# Duck Dogs and Gators



## Louis843 (Dec 21, 2010)

Just thought I'd get an opinion on this.....i have a pond that we fish during the summer that has a few decent size gators in it (8-10ft).  It also doubles as a duck hole during the season.  Would you guys send your dog swimming out there during the winter months to get ducks???  i know that gators usually get scarce when its cold, but anyone got any experience with this kinda situation?

thanks


----------



## Golden BB (Dec 21, 2010)

Ask yourself this, would YOU swim out there and get a duck ? That should help with your decision.


----------



## Louis843 (Dec 21, 2010)

Well if thats the way you look at it, then NO....I would not go swim to get a duck, gators or no gators.  How many ducks have you gone swimming for in December????   I know someone out there has hunted a hole that has a gator in it.  I am simply asking if gators are still active during cold months.


----------



## castandblast (Dec 21, 2010)

I wouldn't. I lived in deep south ga for a while and did not hunt with my dog. Gators will go dormant during the winter months, but they still will eat. Iv seen them eat coots in jan. A swimming dog is an easy target for a gator if he is hungry and wants to take it down. A gator over 6 ft shouldn't have a problem with a lab either. You may get lucky and have no problems. I would rather have my lab as a house dog, than loose her to a gator. Just my thoughts. good luck!


----------



## ngaduck (Dec 21, 2010)

I lived in Louisiana for 2 years and never hunted my dog if there was any doubt in my mind.


----------



## georgia_home (Dec 21, 2010)

Some of the hog doggers occasionally report losing dogs in this mannor. I guess summer / warm times are more dangerous then winter, but still. It could be dangerous.

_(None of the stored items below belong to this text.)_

lemma sum_over_partition:
  fixes w :: "nat \<Rightarrow> 'a :: semiring_0" and \<sigma> :: "nat \<Rightarrow> nat"
  assumes "finite J" "\<forall>k\<in>J. \<sigma> k < n"
  shows "(\<Sum>k\<in>J. w k * f (\<sigma> k)) = (\<Sum>g<n. (\<Sum>k\<in>{k\<in>J. \<sigma> k = g}. w k) * f g)"
proof -
  have "(\<Sum>g<n. (\<Sum>k\<in>{k\<in>J. \<sigma> k = g}. w k) * f g) = (\<Sum>g<n. \<Sum>k\<in>{k\<in>J. \<sigma> k = g}. w k * f (\<sigma> k))"
    by (intro sum.cong refl) (simp add: sum_distrib_right)
  also have "\<dots> = (\<Sum>k\<in>J. w k * f (\<sigma> k))"
    using assms by (intro sum.group) auto
  finally show ?thesis ..
qed

text \<open>If the weighted nodes collapse to \<open>n\<close> distinct points carrying nonzero weights, the
  Hankel matrix of size \<open>n\<close> is that of these points, hence nonsingular.\<close>

lemma det_hankel_nonzero_if_clustered:
  assumes "\<And>p j. (\<Sum>k<K. u k * poly p (a k) * a k ^ j) = (\<Sum>g<n. W g * poly p (\<nu> g) * \<nu> g ^ j)"
    and "inj_on \<nu> {..<n}" "\<forall>g<n. W g \<noteq> 0"
  shows "det (hankel K u a n) \<noteq> 0"
  unfolding det_hankel_nonzero_iff
proof (intro allI impI)
  fix p :: "complex poly"
  assume "degree p < n" "orthogonal_upto K u a n p"
  then have orth: "orthogonal_upto n W \<nu> n p"
    using assms(1) unfolding orthogonal_upto_def by simp
  have "poly p (\<nu> g) = 0" if "g < n" for g
    using orthogonal_upto_imp_zero_at_nodes[OF assms(2) order.refl orth that] assms(3) that by simp
  then show "p = 0"
    using \<open>degree p < n\<close> assms(2) by (intro poly_eqI_degree[of "\<nu> ` {..<n}"]) (auto simp: card_image)
qed

lemma exists_clustered_nodes:
  assumes "2 \<le> n" "n \<le> K" "\<forall>k<K. w k \<noteq> 0"
  shows "\<exists>a. det (hankel K w a n) \<noteq> 0 \<and> (\<forall>k<K. a k \<in> of_nat ` {..<n})"
proof -
  obtain \<sigma> where \<sigma>: "nonzero_weight_partition {..<K} w n \<sigma>"
    using exists_nonzero_weight_partition[of "{..<K}" w n] assms by auto
  define a where "a k = (of_nat (\<sigma> k) :: complex)" for k
  have "det (hankel K w a n) \<noteq> 0"
  proof (rule det_hankel_nonzero_if_clustered)
    show "(\<Sum>k<K. w k * poly p (a k) * a k ^ j)
        = (\<Sum>g<n. (\<Sum>k\<in>{k\<in>{..<K}. \<sigma> k = g}. w k) * poly p (of_nat g) * of_nat g ^ j)" for p j
      using sum_over_partition[of "{..<K}" \<sigma> n w "\<lambda>g. poly p (of_nat g) * of_nat g ^ j"] \<sigma>
      unfolding nonzero_weight_partition_def by (simp add: a_def mult.assoc)
  qed (use \<sigma> in \<open>auto simp: nonzero_weight_partition_def inj_on_def\<close>)
  moreover have "\<forall>k<K. a k \<in> of_nat ` {..<n}"
    using \<sigma> unfolding nonzero_weight_partition_def a_def by auto
  ultimately show ?thesis
    by blast
qed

I would probably shy away from it, had I a dog these days.


----------



## rholton (Dec 21, 2010)

Gators do not feed when water temps are below 60 degrees. I hunt mine in shallow water areas on the coast. I doubt I would be comfortable in deep water though...may be nothing to that.


----------



## Killin Time (Dec 21, 2010)

I would only hunt a dog when there are gators around if it is not a black lab


----------



## Nicodemus (Dec 21, 2010)

I`ve seen em out in some purty cool weather.


----------



## crichardson (Dec 21, 2010)

No way, I wouldn't put my lab in that situation.  Is a downed bird worth losing your hunting partner.  Just my opinion.


----------



## Bird Slayer (Dec 21, 2010)

crichardson said:


> No way, I wouldn't put my lab in that situation.  Is a downed bird worth losing your hunting partner.  Just my opinion.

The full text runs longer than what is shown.